Simple command shell:

A simple command shell was written as a task which can be signaled (entered) from any other task and which supplies a command-line interface to task values, semaphore values, memory contents, and i/o registers. The example assumes at buttons are connected to PINB, LEDs to PORTC, and the D0 and D1 to the uart. The trtkernel_1284_trace_dump.c kernel and trtQuery.c are required as above. Pushing button 2 or 3 will enter the shell with different IDs.

Shell commands:

g Exit command shell and run other tasks
signal_shell(char ID) When used in other tasks, this macro enters the command shell and prints the specified ID. Timers are frozen and interrupts disabled.
Example: signal_shell(4)
x Forces a RESET of the MCU and trashes the state of your program.
i ioregAddress Read an i/o register. The register address is entered in hexadecimal, with space delimiters. The address used must be the value in parenthesis in the table (see data sheet in the range 0x20 to 0xff ). The result displayed in in hex.
Example: i 23
Reads the state of the pushbuttons attached to PINB.
I ioregAddress iodata Write to an i/o register. The register address and data are entered in hexadecimal , with space delimiters. The address used must be the value in parenthesis in the table (see data sheet in the range 0x20 to 0xff ).
Example: I 28 f0
Turns on LEDs 0 to 3 attached to PORTC.
t tasknumber Gets information about a task. The first task has index 1. Information returned for eack task is:
  • state (0=terminated, 1=readyQ, 2=timeQ, 3=waiting for Sem1, 4=waiting for Sem2, etc.)
  • release time relative to current time in system ticks
  • deadline time relative to current time in system ticks
  • Current stack space available in bytes
  • Minimum stack space not used
  • Example: t 4 returns information on task 4.
    Example: t 0 returns information on all tasks.

s semaphorenumber

Gets information about a semaphore.
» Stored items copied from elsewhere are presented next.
lemma Fhat_mult_affine:
  assumes "\<Delta> \<noteq> 0"
  shows "(\<Sum>c\<in>fidx_set p. Fhat x \<Delta> y b c *
            (case c of Inl _ \<Rightarrow> 0 | Inr None \<Rightarrow> c0 | Inr (Some k) \<Rightarrow> \<Delta> * g $ k))
         = (case b of Inl j \<Rightarrow> c0 + g \<bullet> (y j - x) | Inr _ \<Rightarrow> 0)"
  (is "(\<Sum>c\<in>_. ?F c * ?w c) = _")
proof -
  have "(\<Sum>c\<in>fidx_set p. ?F c * ?w c) = (\<Sum>q\<in>UNIV. ?F (Inr q) * ?w (Inr q))"
    unfolding fidx_set_def
    by (subst sum.union_disjoint) (auto simp: sum.reindex intro!: sum.neutral)
  also have "\<dots> = ?F (Inr None) * c0 + (\<Sum>k\<in>UNIV. ?F (Inr (Some k)) * (\<Delta> * g $ k))"
    unfolding UNIV_option_conv by (simp add: sum.reindex)
  also have "\<dots> = (case b of Inl j \<Rightarrow> c0 + g \<bullet> (y j - x) | Inr _ \<Rightarrow> 0)"
  proof (cases b)
    case (Inl j)
    with assms show ?thesis
      by (simp add: Fhat_def shat_def inner_vec_def mult.commute)
  next
    case (Inr q)
    then show ?thesis
      by (cases q) (auto simp: Fhat_def)
  qed
  finally show ?thesis .
qed

lemma mfn_sol_Inl_eq_residual:
  assumes inv: "invertible_on (fidx_set p) (Fhat x \<Delta> y)" and "\<Delta> \<noteq> 0" and "i < p"
  shows "mfn_sol f x \<Delta> p y (Inl i)
         = (\<Sum>b\<in>fidx_set p. inv_on (fidx_set p) (Fhat x \<Delta> y) (Inl i) b *
              (case b of Inl j \<Rightarrow> f (y j) - (c0 + g \<bullet> (y j - x)) | Inr _ \<Rightarrow> 0))"
    (is "_ = (\<Sum>b\<in>?I. ?B (Inl i) b * ?res b)")
proof -
  define w :: "'a fidx \<Rightarrow> real"
    where "w c = (case c of Inl _ \<Rightarrow> 0 | Inr None \<Rightarrow> c0 | Inr (Some k) \<Rightarrow> \<Delta> * g $ k)" for c
  have "is_inverse_on ?I (Fhat x \<Delta> y) ?B"
    using inv unfolding inv_on_def invertible_on_def by (rule someI_ex)
  moreover have "Inl i \<in> ?I"
    using \<open>i < p\<close> unfolding fidx_set_def by auto
  moreover have "(case b of Inl j \<Rightarrow> f (y j) | Inr _ \<Rightarrow> 0)
      = ?res b + (\<Sum>c\<in>?I. Fhat x \<Delta> y b c * w c)" for b
    unfolding w_def Fhat_mult_affine[OF \<open>\<Delta> \<noteq> 0\<close>] by (cases b) auto
  ultimately have "mfn_sol f x \<Delta> p y (Inl i) = (\<Sum>b\<in>?I. ?B (Inl i) b * ?res b) + w (Inl i)"
    unfolding mfn_sol_def by (simp add: inverse_on_apply_add_image finite_fidx_set)
  then show ?thesis
    by (simp add: w_def)
qed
The first semaphore has index 1. Information returned for each semaphore is the value. Example: s 4 returns information on semaphore 4.
Example: s 0 returns information on all semaphores

m memAddress

Reads SRAM. The memory address is entered in hexadecimal, with space delimiters. Addresses 0x00-0x1f are the cpu data registers, 0x20-0xff are i/o registers, and 0x100-0x10ff is actual RAM. The result displayed in in hex. You can find out where global variables are stored by opening the .map file and searching for the word common three times.
Example: m 1f
Reads cpu register 31.
M memAddress data Write to an SRAM address. The memory address and data are entered in hexadecimal , with space delimiters. Addresses 0x00-0x1f are the cpu data registers, 0x20-0xff are i/o registers, and 0x100-0x10ff is actual RAM. You can find out where global variables are stored by opening the .map file and searching for the word common three times.
Example: I 28 f0
Turns on LEDs 0 to 3 attached to PORTC.